Lyndsee - posted on 01/04/2010

Hi Emily My name is Lyndsee and from my own experience with my eight year old dietary changes due very little if he is that far into his behaviors. If he is not already attending behavioral management or peer therapy I strongly reccomend it. Although it is very hard to find a program that the whole family is happy with.

Emily - posted on 01/04/2010

Thanks everyone for your replies. They are all very helpful.

Katherine - posted on 01/04/2010

Most people are afraid of someone who in their eyes is 'different'. They don't know how to respond and think you should be able to control the situation. I don't know where you live but I have seen great results with Applied Behavior. A behavioral psychologist works with you and your child and it's goal oriented and fail proof. The child can never fail the program. I would suggest you look into it.

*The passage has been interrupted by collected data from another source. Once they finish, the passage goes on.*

lemma subwalk_of_unrolling:
  assumes wp: "is_walk G p0 ps"
    and occ: "take (length (walk_label G p0 ps)) (drop s (walk_label G v0 (stake N (cycle es)))) =
      walk_label G p0 ps"
    and inner: "0 < s" "s + length (walk_label G p0 ps) < length (walk_label G v0 (stake N (cycle es)))"
  obtains c where "vertex c = p0" "label_pos c = s" "stake (length ps) (sdrop c (cycle es)) = ps"
proof -
  obtain as bs where split: "stake N (cycle es) = as @ ps @ bs"
    and as: "walk_end G v0 as = p0" "end_label_pos G v0 as = s"
    using subwalk_at_label_occurrence[OF non_redundant walk_stake wp occ inner] by blast
  define c where "c = length as"
  have "c + length ps \<le> N"
    using arg_cong[OF split, of length] by (simp add: c_def)
  moreover have "stake N (cycle es) = stake c (cycle es) @ stake (N - c) (sdrop c (cycle es))"
    using stake_add[of c "cycle es" "N - c"] calculation by simp
  ultimately have "as @ (ps @ bs) = stake c (cycle es) @ stake (N - c) (sdrop c (cycle es))"
    using split by simp
  then have "as = stake c (cycle es)" "stake (N - c) (sdrop c (cycle es)) = ps @ bs"
    using append_eq_append_conv[of as "stake c (cycle es)" "ps @ bs"]
    by (simp_all add: c_def del: stake_add)
  moreover have "length ps \<le> N - c"
    using \<open>c + length ps \<le> N\<close> by simp
  ultimately have "vertex c = p0" "label_pos c = s" "stake (length ps) (sdrop c (cycle es)) = ps"
    using as take_stake[of "length ps" "N - c" "sdrop c (cycle es)"]
    by (simp_all add: vertex_def label_pos_def min_absorb1)
  then show thesis
    using that by blast
qed

lemma L_dvd_label_pos_at_circuit:
  assumes "stake (length es) (sdrop c (cycle es)) = es"
  shows "L dvd label_pos c"
proof -
  have "rotate c es = es"
    using assms nonempty by (simp add: sdrop_cycle rotate_conv_mod[symmetric])
  then obtain q where "c = q * length es"
    using primitive_list_rotate_dvd[OF primitive] by (metis dvdE mult.commute)
  then show ?thesis
    using label_pos_add[of q 0] by (simp add: label_pos_def end_label_pos_def walk_label_def walk_end_def)
qed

It can be beneficial for you and your family AND your son.

Holly - posted on 01/04/2010

AUTISM SPEAKS IS A GREAT PLACE TO FIND OUT WAYS TO DEAL WITH ALL THE MELTDOWNS, AND TONS OF POSOTIVE REINFORCMENT AND REDIRECTION. YOU CAN DO IT GIRLS. FIGHT FOR THEM! I WILL HELP.

Holly - posted on 01/04/2010

Hi Emily,
My name isHolly, although I do not have a child with any special need, I have and am still working with children,and their families. Please dont give up, and try whatever is out there. At one point you can say to yourself "I am doing all I can, and you are only one person. He needs you wether he can tell you or not, and one day you will see that YOU through everything were and are his greatest strength. I know your tired to the point of exhaustion, I know you feel like you just want to ball up ,and cry, but know that he has a place in this world and your a team. He cant do it alone,and neither can you. Find support elsewhere if your family doesnt understand, because truth be,,,, not alot of people do. It is you who has to watch the stares,and you who has to stand tall through the meltdowns, they can walk away... you cant. I am here to be a friend a,dn just tell you ..... You are doing A Good job.